→ **The data**
•••••
locale hppa =
  fixes A :: "'a::{real_inner,complete_space} \<Rightarrow> 'a set"
    and \<alpha> \<beta> :: "nat \<Rightarrow> real"
    and e x :: "nat \<Rightarrow> 'a"
    and x0 p :: 'a
    and a b B E :: "nat \<Rightarrow> nat"
    and DD EE :: nat
  assumes maxmon: "maximal_monotone A"
    and alpha_range: "\<And>n. 0 < \<alpha> n \<and> \<alpha> n < 1"
    and beta_pos: "\<And>n. 0 < \<beta> n"
    and x_init: "x 0 = x0"
    and HPPA: "\<And>n. x (Suc n) = \<alpha> n *\<^sub>R x0 + (1 - \<alpha> n) *\<^sub>R (resolvent A (\<beta> n) (x n) + e n)"
    and mono_a: "mono a" and mono_b: "mono b" and mono_B: "mono B" and mono_E: "mono E"
    and Q1: "\<And>k n. n \<ge> a k \<Longrightarrow> \<alpha> n \<le> 1 / (real k + 1)"
    and Q3': "\<And>n. \<beta> n \<le> real (b n)"
    and Q3: "\<And>k n. n \<ge> B k \<Longrightarrow> \<beta> n \<ge> real k"
    and Q4: "\<And>k n. (\<Sum>i = E k + 1..E k + n. norm (e i)) \<le> 1 / (real k + 1)"
    and p_zero: "p \<in> zeros A"
    and EE_bound: "real EE \<ge> 1 + (\<Sum>i = 0..E 0. norm (e i))"
    and DD_bound: "real DD \<ge> norm (x0 - p)"
begin

lemma EE_ge_1: "1 \<le> EE"
  using EE_bound sum_nonneg[of "{0..E 0}" "\<lambda>i. norm (e i)"] by simp

lemma sum_norm_e_le: "(\<Sum>i<n. norm (e i)) \<le> real EE"
proof -
  have "(\<Sum>i<n. norm (e i)) \<le> (\<Sum>i \<in> {0..E 0} \<union> {E 0 + 1..E 0 + n}. norm (e i))"
    by (rule sum_mono2) auto
  also have "\<dots> = (\<Sum>i = 0..E 0. norm (e i)) + (\<Sum>i = E 0 + 1..E 0 + n. norm (e i))"
    by (rule sum.union_disjoint) auto
  also have "\<dots> \<le> real EE" using EE_bound Q4[of 0 n] by simp
  finally show ?thesis .
qed

lemma dist_x_p_le_sum: "norm (x n - p) \<le> real DD + (\<Sum>i<n. norm (e i))"
proof (induction n)
  case 0
  then show ?case using x_init DD_bound by simp
next
  case (Suc n)
  let ?J = "resolvent A (\<beta> n)"
  have \<alpha>: "0 < \<alpha> n" "\<alpha> n < 1" using alpha_range by auto
  have "x (Suc n) - p = \<alpha> n *\<^sub>R (x0 - p) + (1 - \<alpha> n) *\<^sub>R ((?J (x n) - ?J p) + e n)"
    unfolding HPPA resolvent_zero[OF maxmon beta_pos p_zero] by (simp add: algebra_simps)
  then have "norm (x (Suc n) - p) \<le> \<alpha> n * norm (x0 - p) + (1 - \<alpha> n) * norm ((?J (x n) - ?J p) + e n)"
    using norm_triangle_ineq[of "\<alpha> n *\<^sub>R (x0 - p)" "(1 - \<alpha> n) *\<^sub>R ((?J (x n) - ?J p) + e n)"] \<alpha>
    by simp
  also have "\<dots> \<le> \<alpha> n * real DD + (1 - \<alpha> n) * (real DD + (\<Sum>i<Suc n. norm (e i)))"
  proof (intro add_mono mult_left_mono)
    have "norm ((?J (x n) - ?J p) + e n) \<le> norm (x n - p) + norm (e n)"
      using norm_triangle_ineq[of "?J (x n) - ?J p" "e n"] resolvent_nonexpansive[OF maxmon beta_pos[of n], of "x n" p]
      by linarith
    then show "norm ((?J (x n) - ?J p) + e n) \<le> real DD + (\<Sum>i<Suc n. norm (e i))"
      using Suc.IH by simp
  qed (use \<alpha> DD_bound in auto)
  also have "\<dots> \<le> real DD + (\<Sum>i<Suc n. norm (e i))"
  proof -
    have "(1 - \<alpha> n) * (\<Sum>i<Suc n. norm (e i)) \<le> (\<Sum>i<Suc n. norm (e i))"
      using \<alpha> sum_nonneg[of "{..<Suc n}" "\<lambda>i. norm (e i)"] by (simp add: mult_left_le_one_le)
    then show ?thesis by (simp add: algebra_simps)
  qed
  finally show ?case .
qed

lemma dist_x_p_le: "norm (x n - p) \<le> real DD + real EE"
  using dist_x_p_le_sum[of n] sum_norm_e_le[of n] by linarith

lemma alpha_le: "1 \<le> K \<Longrightarrow> a (K - 1) \<le> n \<Longrightarrow> \<alpha> n \<le> 1 / real K"
  using Q1[of "K - 1" n] by (simp add: of_nat_diff)

lemma beta_ge: "B (K - 1) \<le> n \<Longrightarrow> real K - 1 \<le> \<beta> n"
  using Q3[of "K - 1" n] by linarith

lemma norm_e_le: "E k < n \<Longrightarrow> norm (e n) \<le> 1 / (real k + 1)"
  using member_le_sum[of n "{E k + 1..E k + (n - E k)}" "\<lambda>i. norm (e i)"] Q4[of k "n - E k"] by simp

lemma dist_x_Suc_resolvent:
  "norm (x (Suc j) - resolvent A (\<beta> j) (x j)) \<le> \<alpha> j * (2 * real DD + real EE) + norm (e j)"
proof -
  let ?u = "resolvent A (\<beta> j) (x j)"
  have \<alpha>: "0 < \<alpha> j" "\<alpha> j < 1" using alpha_range by auto
  have "norm (?u - p) \<le> real DD + real EE"
    using resolvent_nonexpansive[OF maxmon beta_pos[of j], of "x j" p] dist_x_p_le[of j]
    unfolding resolvent_zero[OF maxmon beta_pos p_zero] by linarith
  then have x0u: "norm (x0 - ?u) \<le> 2 * real DD + real EE"
    using norm_triangle_ineq[of "x0 - p" "p - ?u"] DD_bound by (simp add: norm_minus_commute)
  have "x (Suc j) - ?u = \<alpha> j *\<^sub>R (x0 - ?u) + (1 - \<alpha> j) *\<^sub>R e j"
    unfolding HPPA by (simp add: algebra_simps)
  then have "norm (x (Suc j) - ?u) \<le> \<alpha> j * norm (x0 - ?u) + (1 - \<alpha> j) * norm (e j)"
    using norm_triangle_ineq[of "\<alpha> j *\<^sub>R (x0 - ?u)" "(1 - \<alpha> j) *\<^sub>R e j"] \<alpha> by simp
  also have "\<dots> \<le> \<alpha> j * (2 * real DD + real EE) + 1 * norm (e j)"
    using \<alpha> x0u by (intro add_mono mult_left_mono mult_right_mono) auto
  finally show ?thesis by simp
qed

lemma displacement_resolvent_x_le:
  "norm (resolvent A 1 (resolvent A (\<beta> j) (x j)) - resolvent A (\<beta> j) (x j))
    \<le> 2 * (real DD + real EE) / \<beta> j"
proof -
  let ?u = "resolvent A (\<beta> j) (x j)"
  have "norm (resolvent A 1 ?u - ?u) \<le> 1 * norm ((1 / \<beta> j) *\<^sub>R (x j - ?u))"
    by (intro resolvent_displacement_le_mem[OF maxmon] resolvent_mem[OF maxmon beta_pos]) simp
  also have "\<dots> = norm (x j - ?u) / \<beta> j" using beta_pos[of j] by simp
  also have "norm (x j - ?u) \<le> 2 * (real DD + real EE)"
    using norm_triangle_ineq[of "x j - p" "p - ?u"] dist_x_p_le[of j]
      resolvent_nonexpansive[OF maxmon beta_pos[of j], of "x j" p]
    unfolding resolvent_zero[OF maxmon beta_pos p_zero] by (simp add: norm_minus_commute)
  then have "norm (x j - ?u) / \<beta> j \<le> 2 * (real DD + real EE) / \<beta> j"
    using beta_pos[of j] by (simp add: divide_right_mono)
  finally show ?thesis .
qed


text \<open>With \<open>i = j + 1 \<ge> \<chi>\<^sub>1(k)\<close>: \<open>\<alpha>\<^sub>j\<close> and \<open>e\<^sub>j\<close> are so small that \<open>x\<^sub>i\<close> is \<open>1/(4(k+1))\<close>-close to
  \<open>u = J\<^sub>\<beta>\<^sub>j x\<^sub>j\<close>, and \<open>\<beta>\<^sub>j\<close> is so large that \<open>u\<close> is a \<open>1/(2(k+1))\<close>-fixed point of \<open>J\<^sub>1\<close>.\<close>

lemma displacement_x_le:
  assumes "chi1 a B E DD EE k \<le> i"
  shows "norm (resolvent A 1 (x i) - x i) \<le> 1 / (real k + 1)"
proof -
  obtain j where i: "i = Suc j" and j: "xi_fun a E DD EE (4*k+3) \<le> j" "B (8*(DD+EE)*(k+1) - 1) \<le> j"
    using assms unfolding chi1_def by (cases i) auto
  define K where "K = real k + 1"
  define M where "M = real DD + real EE"
  define u where "u = resolvent A (\<beta> j) (x j)"
  have K: "1 \<le> K" unfolding K_def by simp
  have M: "1 \<le> M" unfolding M_def using EE_ge_1 by simp
  have MK: "1 \<le> M * K" using mult_mono[OF M K] M by simp
  have "\<alpha> j * (2 * real DD + real EE) \<le> 1 / (8 * K)"
  proof -
    define P where "P = 2 * real DD + real EE"
    have P: "0 < P" unfolding P_def using EE_ge_1 by simp
    have "\<alpha> j \<le> 1 / real (2 * (2 * DD + EE) * (4*k+3 + 1))"
      using j(1) EE_ge_1 unfolding xi_fun_def by (intro alpha_le) auto
    also have "real (2 * (2 * DD + EE) * (4*k+3 + 1)) = 8 * K * P"
      unfolding K_def P_def by (simp add: algebra_simps)
    finally have "\<alpha> j * P \<le> 1 / (8 * K * P) * P" using P by (intro mult_right_mono) auto
    then show ?thesis using P unfolding P_def by simp
  qed
  moreover have "norm (e j) \<le> 1 / (8 * K)"
    using norm_e_le[of "2*(4*k+3) + 1" j] j(1) unfolding xi_fun_def K_def by (simp add: add.commute)
  ultimately have xu: "norm (x i - u) \<le> 1 / (4 * K)"
    using dist_x_Suc_resolvent[of j] unfolding i u_def by simp
  have "8 * M * K - 1 \<le> \<beta> j"
    using beta_ge[of "8*(DD+EE)*(k+1)" j] j(2) unfolding M_def K_def by (simp add: algebra_simps)
  then have "4 * M * K \<le> \<beta> j" using MK by linarith
  have "norm (resolvent A 1 u - u) \<le> 2 * M / \<beta> j"
    using displacement_resolvent_x_le[of j] unfolding u_def M_def .
  also have "\<dots> \<le> 2 * M / (4 * M * K)"
    using \<open>4 * M * K \<le> \<beta> j\<close> M K beta_pos[of j] by (intro divide_left_mono mult_pos_pos) auto
  also have "\<dots> = 1 / (2 * K)" using M by simp
  finally have "norm (resolvent A 1 (x i) - x i) \<le> 2 * (1 / (4 * K)) + 1 / (2 * K)"
    using nonexpansive_displacement_le[OF resolvent_nonexpansive[OF maxmon], of 1 "x i" u] xu by simp
  also have "2 * (1 / (4 * K)) + 1 / (2 * K) = 1 / K" using K by (simp add: field_simps)
  finally show ?thesis unfolding K_def .
qed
•••••
→ **Assignment**
Reply with nothing except the number of lines in the records that include the word "thesis".

→ **Result of the exercise**
6